So, here we have what I submitted to Chlotrudis just before the midnight deadline:

SEQUELS
Toy Story 2 - Seeing the double feature back-to-back solidified just how much Pixar had grown between the first and second movies; not only had the technoloy improved, but Pixar had truly developed their own voice at this point. Where Toy Story, though wonderful, was clearly pulled in opposite directions by Disney's musical formula on one side and outside screenwriters like Joss Whedon on the other, the sequel feels much more like how we now think of a Pixar film. And, as much as I like Randy Newman and the songs in the first, there have been few musical moments as good as "When She Loved Me" in any movie.

Babe - Pig in the City - Gene Siskel called it his best film of the year, and though there may be room for argument (I think that was the same year Ebert gave the nod to Dark City), it's one that takes the story to entirely new places while still remaining connected to its predecessor. I love that the city, in Babe's world, is a busy, mashed-together conglomeration of things even as the farm is perfectly pastoral. It's a shame Miller never got to do his planned third Babe movie, as Babe in the Woods would have been much less expensive than this one (a box office disappointment because of its high cost).

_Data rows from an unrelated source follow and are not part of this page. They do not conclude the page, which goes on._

(* Let $p(\cdot),q(\cdot),r(\cdot)\in\mathcal{P}(\mathbb{R}^n)$ satisfy $\frac{1}{r(x)}=\frac{1}{p(x)}+\frac{1}{q(x)}$, and assume either $r(\cdot)<p(\cdot)<\infty$, or $r(\cdot)\le p(\cdot)<\infty$ with $r^+<\infty$. For measurable $f$ set $\|f\|^*_{p(\cdot)}=\sup_{\|g\|_{q(\cdot)}\le1}\|fg\|_{r(\cdot)}$. Then $\|f\|^*_{p(\cdot)}\approx\|f\|_{p(\cdot)}$, i.e. there are constants $c_1,c_2>0$ independent of $f$ with $c_1\|f\|_{p(\cdot)}\le\|f\|^*_{p(\cdot)}\le c_2\|f\|_{p(\cdot)}$.
   Context: $\mathcal{P}(\mathbb{R}^n)$: measurable $p(\cdot):\mathbb{R}^n\to[1,\infty]$; $p^+$ essential supremum. $\|f\|_{p(\cdot)}=\inf\{\lambda>0:\int_{\{p<\infty\}}|f/\lambda|^{p(x)}dx+\|(f/\lambda)\chi_{\{p=\infty\}}\|_\infty\le1\}$. *)

theory Defs
  imports "HOL-Analysis.Analysis" "HOL-Probability.Essential_Supremum"
begin

definition var_exponent :: "('a::euclidean_space \<Rightarrow> ereal) \<Rightarrow> bool" where
  "var_exponent p \<longleftrightarrow> p \<in> borel_measurable lebesgue \<and> (\<forall>x. 1 \<le> p x)"

definition var_modular :: "('a::euclidean_space \<Rightarrow> ereal) \<Rightarrow> ('a \<Rightarrow> real) \<Rightarrow> ennreal" where
  "var_modular p f =
     (\<integral>\<^sup>+ x \<in> {x. p x < \<infinity>}. ennreal (\<bar>f x\<bar> powr real_of_ereal (p x)) \<partial>lebesgue)
     + esssup lebesgue (\<lambda>x. ennreal \<bar>f x\<bar> * indicator {x. p x = \<infinity>} x)"

text \<open>Luxemburg norm, valued in ennreal (infinite if no admissible lambda exists).\<close>

definition var_norm :: "('a::euclidean_space \<Rightarrow> ereal) \<Rightarrow> ('a \<Rightarrow> real) \<Rightarrow> ennreal" where
  "var_norm p f = (INF l \<in> {l::real. 0 < l \<and> var_modular p (\<lambda>x. f x / l) \<le> 1}. ennreal l)"

definition var_norm_star ::
  "('a::euclidean_space \<Rightarrow> ereal) \<Rightarrow> ('a \<Rightarrow> ereal) \<Rightarrow> ('a \<Rightarrow> real) \<Rightarrow> ennreal" where
  "var_norm_star q r f =
     (SUP g \<in> {g. g \<in> borel_measurable lebesgue \<and> var_norm q g \<le> 1}. var_norm r (\<lambda>x. f x * g x))"

end

theory Submission
  imports Defs
begin

(*
  Upper bound: Young's inequality with the exponents p/r and q/r gives, pointwise,
  2 |u v / 2|^r <= |u|^p + |v|^q; where q = \<infinity> one has r = p instead, and |g| <= 1
  almost everywhere there.  Hence the r-modular of f g / (2 a b) is at most 1 whenever the
  modulars of f / a and g / b are, and ||f g||_r <= 2 ||f||_p whenever ||g||_q <= 1.

  Lower bound: if ||f||_p > \<mu>, then the integral of |f / \<mu>|^p exceeds 1, and by monotone
  convergence it still does on a set E where that integral is finite.  Either the part of E
  where q = \<infinity> or the part where q < \<infinity> carries half of it.  On the former, g = 1
  works because r = p there; on the latter, with S the integral over it,
  g = (|f / \<mu>|^p / S)^(1/q) has q-modular 1 and |f g / \<mu>|^r >= min 1 (1/S) |f / \<mu>|^p.
  Either way ||f g||_r >= \<mu> / 2, which gives the constants 1/2 and 2.
*)

lemma powr_half_le:
  fixes x R :: real
  assumes "0 \<le> x" and "1 \<le> R"
  shows "2 * (x / 2) powr R \<le> x powr R"
proof -
  have "(1/2::real) powr R \<le> (1/2) powr 1"
    using assms(2) by (intro powr_mono') auto
  then have "x powr R * (1/2) powr R \<le> x powr R * (1/2)"
    by (intro mult_left_mono) auto
  then show ?thesis
    using assms(1) by (simp add: powr_mult[symmetric])
qed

The Empire Strikes Back - Unless I'm mistaken, aside from being proof that Star Wars wasn't a fluke (and neither was George Lucas), that this is the first sequel I can remember where the filmmakers had such confidence in the series that they were able to leave it open-ended for a part three. Now that's spread to first episodes (fine if you're Batman Begins, not so much if you're The Golden Compass), but at the time, it was a stunning display of just how grand Lucas's vision was. And, there's great action, plus Harrison Ford kicks butt here - it's seldom mentioned in the list of great Star Wars moments, but the scene where the door opens on Bespin to reveal Vader, and Han Solo immediately pulls out his blaster and fires away, is one of my favorites in the series.

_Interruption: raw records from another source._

(* Let $w,w'\in[0,1]$ with $w+w'=1$, and let $\textbf{F}$ be a $gH$-differentiable IVF on a nonempty subset $\mathcal{X}$ of $\mathbb{R}^n$. Then \[\lVert\mathcal{W}(\nabla\textbf{F}(x))-\mathcal{W}(\nabla\textbf{F}(y))\rVert\le\lVert\nabla\textbf{F}(x)\ominus_{gH}\nabla\textbf{F}(y)\rVert_{I(\mathbb{R})^n}\quad\text{for all }x,y\in\mathcal{X},\] where the left-hand norm is the Euclidean norm on $\mathbb{R}^n$.
   Context: $I(\mathbb{R})$: closed bounded intervals $\textbf{A}=[\underline{a},\overline{a}]$ with Moore arithmetic ($\oplus$ endpointwise; $\lambda\odot\textbf{A}=[\lambda\underline{a},\lambda\overline{a}]$ if $\lambda\ge0$, $[\lambda\overline{a},\lambda\underline{a}]$ if $\lambda<0$); $\textbf{A}\ominus_{gH}\textbf{B}=[\min\{\underline{a}-\underline{b},\overline{a}-\overline{b}\},\max\{\underline{a}-\underline{b},\overline{a}-\overline{b}\}]$ (componentwise on $I(\mathbb{R})^n$). Norms: $\lVert\textbf{A}\rVert_{I(\mathbb{R})}=\max\{|\underline{a}|,|\overline{a}|\}$; $\lVert(\textbf{A}_1,\dots,\textbf{A}_n)\rVert_{I(\mathbb{R})^n}=\sum_i\lVert\textbf{A}_i\rVert_{I(\mathbb{R})}$. $D_i\textbf{F}(x)=\lim_{h\to0}\frac1h\odot(\textbf{F}(x+he_i)\ominus_{gH}\textbf{F}(x))$, $\nabla\textbf{F}(x)=(D_1\textbf{F}(x),\dots,D_n\textbf{F}(x))^T$. Linear IVF: $\textbf{L}(x)=\bigoplus_i x_i\odot\textbf{L}(e_i)$. $\textbf{F}$ is $gH$-differentiable at $\bar{x}$ if there exist a linear IVF $\textbf{L}_{\bar{x}}$, an IVF $\textbf{E}(\textbf{F}(\bar{x});d)$ and $\delta>0$ with $(\textbf{F}(\bar{x}+d)\ominus_{gH}\textbf{F}(\bar{x}))\ominus_{gH}\textbf{L}_{\bar{x}}(d)=\lVert d\rVert\odot\textbf{E}(\textbf{F}(\bar{x});d)$ for $\lVert d\rVert<\delta$ and $\textbf{E}\to\textbf{0}$ as $\lVert d\rVert\to0$. $\mathcal{W}(\textbf{A}_1,\dots,\textbf{A}_n)=(w\underline{a}_1+w'\overline{a}_1,\dots,w\underline{a}_n+w'\overline{a}_n)^T$. *)

theory Defs
  imports "HOL-Analysis.Analysis"
begin

text \<open>Closed bounded intervals are represented as pairs (lower endpoint, upper endpoint);
  a pair A is a genuine interval iff fst A \<le> snd A.  Moore addition is endpointwise,
  which coincides with the componentwise addition on real \<times> real.\<close>

type_synonym ivl = "real \<times> real"

definition ivl_valid :: "ivl \<Rightarrow> bool" where
  "ivl_valid A \<longleftrightarrow> fst A \<le> snd A"

definition ivl_scale :: "real \<Rightarrow> ivl \<Rightarrow> ivl" where
  "ivl_scale l A = (if l \<ge> 0 then (l * fst A, l * snd A) else (l * snd A, l * fst A))"

definition gH_minus :: "ivl \<Rightarrow> ivl \<Rightarrow> ivl" where
  "gH_minus A B = (min (fst A - fst B) (snd A - snd B), max (fst A - fst B) (snd A - snd B))"

definition ivl_norm :: "ivl \<Rightarrow> real" where
  "ivl_norm A = max \<bar>fst A\<bar> \<bar>snd A\<bar>"

definition gH_minus_vec :: "ivl ^ 'n \<Rightarrow> ivl ^ 'n \<Rightarrow> ivl ^ 'n" where
  "gH_minus_vec A B = (\<chi> i. gH_minus (A $ i) (B $ i))"

definition ivlvec_norm :: "ivl ^ 'n::finite \<Rightarrow> real" where
  "ivlvec_norm A = (\<Sum>i\<in>UNIV. ivl_norm (A $ i))"

definition gH_partial :: "'n::finite \<Rightarrow> (real ^ 'n \<Rightarrow> ivl) \<Rightarrow> real ^ 'n \<Rightarrow> ivl" where
  "gH_partial i F x =
     Lim (at 0) (\<lambda>h. ivl_scale (1 / h) (gH_minus (F (x + h *\<^sub>R axis i 1)) (F x)))"

definition gH_grad :: "(real ^ 'n::finite \<Rightarrow> ivl) \<Rightarrow> real ^ 'n \<Rightarrow> ivl ^ 'n" where
  "gH_grad F x = (\<chi> i. gH_partial i F x)"

definition linear_ivf :: "(real ^ 'n::finite \<Rightarrow> ivl) \<Rightarrow> bool" where
  "linear_ivf L \<longleftrightarrow> (\<forall>x. L x = (\<Sum>i\<in>UNIV. ivl_scale (x $ i) (L (axis i 1))))"

definition gH_differentiable_at :: "(real ^ 'n::finite \<Rightarrow> ivl) \<Rightarrow> real ^ 'n \<Rightarrow> bool" where
  "gH_differentiable_at F xb \<longleftrightarrow>
     (\<exists>L E \<delta>. linear_ivf L \<and> \<delta> > 0 \<and>
        (\<forall>d. norm d < \<delta> \<longrightarrow>
           gH_minus (gH_minus (F (xb + d)) (F xb)) (L d) = ivl_scale (norm d) (E d)) \<and>
        (E \<longlongrightarrow> (0, 0)) (at 0))"

definition W_map :: "real \<Rightarrow> real \<Rightarrow> ivl ^ 'n \<Rightarrow> real ^ 'n" where
  "W_map w w' A = (\<chi> i. w * fst (A $ i) + w' * snd (A $ i))"

end

theory Submission
  imports Defs
begin

text \<open>In each coordinate the W-combination of the difference of two interval vectors is a convex
  combination of the differences of lower and of upper endpoints, so its absolute value is at most
  the larger of the two, which is exactly the norm of the gH-difference of the coordinates.
  Summing over the coordinates bounds the l1 norm of the difference, which dominates the
  Euclidean norm.\<close>

lemma abs_convex_comb_le_max_abs:
  fixes w w' p q :: real
  assumes "0 \<le> w" "0 \<le> w'" "w + w' = 1"
  shows "\<bar>w * p + w' * q\<bar> \<le> max \<bar>p\<bar> \<bar>q\<bar>"
proof -
  have "\<bar>w * p + w' * q\<bar> \<le> w * \<bar>p\<bar> + w' * \<bar>q\<bar>"
    using assms abs_triangle_ineq[of "w * p" "w' * q"] by (simp add: abs_mult)
  also have "\<dots> \<le> w * max \<bar>p\<bar> \<bar>q\<bar> + w' * max \<bar>p\<bar> \<bar>q\<bar>"
    using assms by (intro add_mono mult_left_mono) auto
  also have "\<dots> = max \<bar>p\<bar> \<bar>q\<bar>"
    using assms by (metis distrib_right mult_1)
  finally show ?thesis .
qed

lemma ivl_norm_gH_minus:
  "ivl_norm (gH_minus A B) = max \<bar>fst A - fst B\<bar> \<bar>snd A - snd B\<bar>"
  unfolding ivl_norm_def gH_minus_def by auto

lemma W_map_diff_nth:
  "(W_map w w' A - W_map w w' B) $ i
     = w * (fst (A $ i) - fst (B $ i)) + w' * (snd (A $ i) - snd (B $ i))"
  unfolding W_map_def by (simp add: algebra_simps)

lemma abs_W_map_diff_nth_le:
  assumes "0 \<le> w" "0 \<le> w'" "w + w' = 1"
  shows "\<bar>(W_map w w' A - W_map w w' B) $ i\<bar> \<le> ivl_norm (gH_minus (A $ i) (B $ i))"
  unfolding W_map_diff_nth ivl_norm_gH_minus
  using abs_convex_comb_le_max_abs[OF assms] .

lemma norm_W_map_diff_le_ivlvec_norm:
  fixes A B :: "ivl ^ 'n::finite"
  assumes "0 \<le> w" "0 \<le> w'" "w + w' = 1"
  shows "norm (W_map w w' A - W_map w w' B) \<le> ivlvec_norm (gH_minus_vec A B)"
proof -
  have "norm (W_map w w' A - W_map w w' B) \<le> (\<Sum>i\<in>UNIV. \<bar>(W_map w w' A - W_map w w' B) $ i\<bar>)"
    by (rule norm_le_l1_cart)
  also have "\<dots> \<le> (\<Sum>i\<in>UNIV. ivl_norm (gH_minus (A $ i) (B $ i)))"
    using abs_W_map_diff_nth_le[OF assms] by (rule sum_mono)
  also have "\<dots> = ivlvec_norm (gH_minus_vec A B)"
    unfolding ivlvec_norm_def gH_minus_vec_def by simp
  finally show ?thesis .
qed

text \<open>The inequality holds for arbitrary interval vectors.\<close>

theorem lemma5p3:
  fixes w w' :: real
    and F :: "real ^ 'n::finite \<Rightarrow> ivl"
    and X :: "(real ^ 'n) set"
  assumes "0 \<le> w" "w \<le> 1" "0 \<le> w'" "w' \<le> 1" "w + w' = 1"
    and "X \<noteq> {}"
    and "\<forall>x\<in>X. ivl_valid (F x)"
    and "\<forall>x\<in>X. gH_differentiable_at F x"
  shows "\<forall>x\<in>X. \<forall>y\<in>X.
           norm (W_map w w' (gH_grad F x) - W_map w w' (gH_grad F y))
             \<le> ivlvec_norm (gH_minus_vec (gH_grad F x) (gH_grad F y))"
  using norm_W_map_diff_le_ivlvec_norm[OF assms(1,3,5)] by blast

end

The Good, The Bad, and the Ugly - The other "Man with no Name" movies are good, no question, but this third one has Sergio Leone firing on all cylinders, with a great story full of double-crosses, dark humor, and action. Plus, of course, Ennio Morricone's memorable score and some of the best cinematography in any western ever.

Terminator 2 - My first encounter with the term now called the "spoiler", as I thought that everyone had seen the previews and read in various magazines that Arnold Schwarzeneggar was playing the good guy this time around. Oops. I remain sorry, Jason Browne. James Cameron's skill as a director means the movie holds up despite the fact that what was utterly revolutionary in this one has become part of the special effects technicians standard bag of tricks.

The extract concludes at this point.